We learned that it feels pretty terrible to rule a name out when it feels like there’s a chance that the name isn’t actually in use or is in use by a piddly entity who would likely never know or come after us. But our primary consideration was risk related to client perception and/or client confusion – even though we knew that if a potential client emailed or called the other Prologue, they probably wouldn’t get an answer. The biggest hurdle was the existence of prologuebranding.com. We considered trying to offer to buy it, and we also spent some time thinking about what we could do to rank more highly on Google so that if people searched for “prologue branding agency” they’d find us, not him. Ultimately, though, we determined that we needed to walk away and keep trying.
So… we started generating a new bunch of names, because all of the other names on our short list (which previously we’d thought were so great) no longer felt like good possibilities. We explored even more coined names and more word-specific names because of the crowdedness of the category. Our energy and motivation flagged a bit, and we realized that we were doing what we’ve seen happen time and again with our clients: we weren’t actually moving things forward because renaming is HARD, especially if your current name isn’t completely broken.
Finally we had a new short list, and we repeated the process we’d gone through previously. Again we narrowed it down to three names: Allusive, Prelude, and Prequel. This time we sent all three to the lawyer for a full trademark screening. While we awaited results, we socialized all three names and solicited feedback. There was no clear winner - different people liked and disliked different things - but just hearing people talk about the names helped inform our decision.
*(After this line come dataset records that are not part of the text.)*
(* Let $n,k$ be integers with $2<2k\le n$. The feasible set of the integer program $( * )$ is non-empty if and only if $\mathrm{Pet}(n,k)$ contains an odd cycle. Moreover, suppose $(\mathsf{u},\mathsf{v}_+,\mathsf{v}_-,r,t)$ is a solution of $( * )$. If $( * )$ has some trivial solution, then $g_{odd}(\mathrm{Pet}(n,k))=2r+1$; if all solutions of $( * )$ are nontrivial, then $g_{odd}(\mathrm{Pet}(n,k))=2r+3$.
   Context: For integers $n,k$ with $2<2k\le n$, the generalized Petersen graph $\mathrm{Pet}(n,k)$ has vertex set $\{u_0,\dots,u_{n-1}\}\cup\{v_0,\dots,v_{n-1}\}$ and edge set $\{u_iu_{i+1}\}\cup\{u_iv_i\}\cup\{v_iv_{i+k}\}$, indices modulo $n$. The integer program $( * )$ is: minimize $\mathsf{u}+\mathsf{v}_++\mathsf{v}_-$ over integers $\mathsf{u},\mathsf{v}_+,\mathsf{v}_-,r\ge 0$ and $t\in\mathbb{Z}$ subject to $\mathsf{u}+k(\mathsf{v}_+-\mathsf{v}_-)=tn$ and $\mathsf{u}+\mathsf{v}_++\mathsf{v}_-=2r+1$. A feasible point is any tuple satisfying these constraints; a solution is a minimizer; a solution is trivial if $\mathsf{u}=0$ or $\mathsf{v}_++\mathsf{v}_-=0$, and nontrivial otherwise (note all solutions have the same value $2r+1$). $g_{odd}(G)$ is the length of a shortest odd cycle of $G$. *)

theory Defs
  imports Main
begin

text \<open>Generalized Petersen graph Pet(n,k). Vertex (False,i) is u_i, vertex (True,i) is v_i,
  for 0 \<le> i < n. Indices are taken modulo n.\<close>

definition pet_verts :: "nat \<Rightarrow> (bool \<times> nat) set" where
  "pet_verts n = {x. snd x < n}"

definition pet_adj :: "nat \<Rightarrow> nat \<Rightarrow> bool \<times> nat \<Rightarrow> bool \<times> nat \<Rightarrow> bool" where
  "pet_adj n k x y \<longleftrightarrow> x \<in> pet_verts n \<and> y \<in> pet_verts n \<and>
     ((\<not> fst x \<and> \<not> fst y \<and> (snd y = (snd x + 1) mod n \<or> snd x = (snd y + 1) mod n))
    \<or> (fst x \<noteq> fst y \<and> snd x = snd y)
    \<or> (fst x \<and> fst y \<and> (snd y = (snd x + k) mod n \<or> snd x = (snd y + k) mod n)))"

definition is_cycle :: "('a \<Rightarrow> 'a \<Rightarrow> bool) \<Rightarrow> 'a list \<Rightarrow> bool" where
  "is_cycle adj c \<longleftrightarrow> length c \<ge> 3 \<and> distinct c \<and>
     (\<forall>i < length c. adj (c ! i) (c ! ((i + 1) mod length c)))"

definition has_odd_cycle :: "('a \<Rightarrow> 'a \<Rightarrow> bool) \<Rightarrow> bool" where
  "has_odd_cycle adj \<longleftrightarrow> (\<exists>c. is_cycle adj c \<and> odd (length c))"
We officially selected Prequel as our new name, sent off a brief to the designer creating our logo, snagged a domain, and started working through the rest of our rebranding checklist.
Mark noted feeling an immediate, very slight buyer's remorse once we committed to the name, despite feeling 100% sure that it was the right decision. (He also noted that that kind of math only works for a namer.)
You may have noticed that Prequel had been on our first short list. Hilariously, we ALSO were “typical clients” in that we ended up choosing a name from the first list even after we did several additional rounds of names. (Most of our projects require just one round of names; in projects where we are asked to do more than one round of names, 90+% of the time the name that gets chosen is from the first list.)
Now Prequel is a few months old. We have a logo; we have a website; we’re building our brand. And it’s happened just like we tell our clients it will: now we look back at that long list of names we were choosing from and it just feels so obvious: of COURSE our name is Prequel - what else could it be?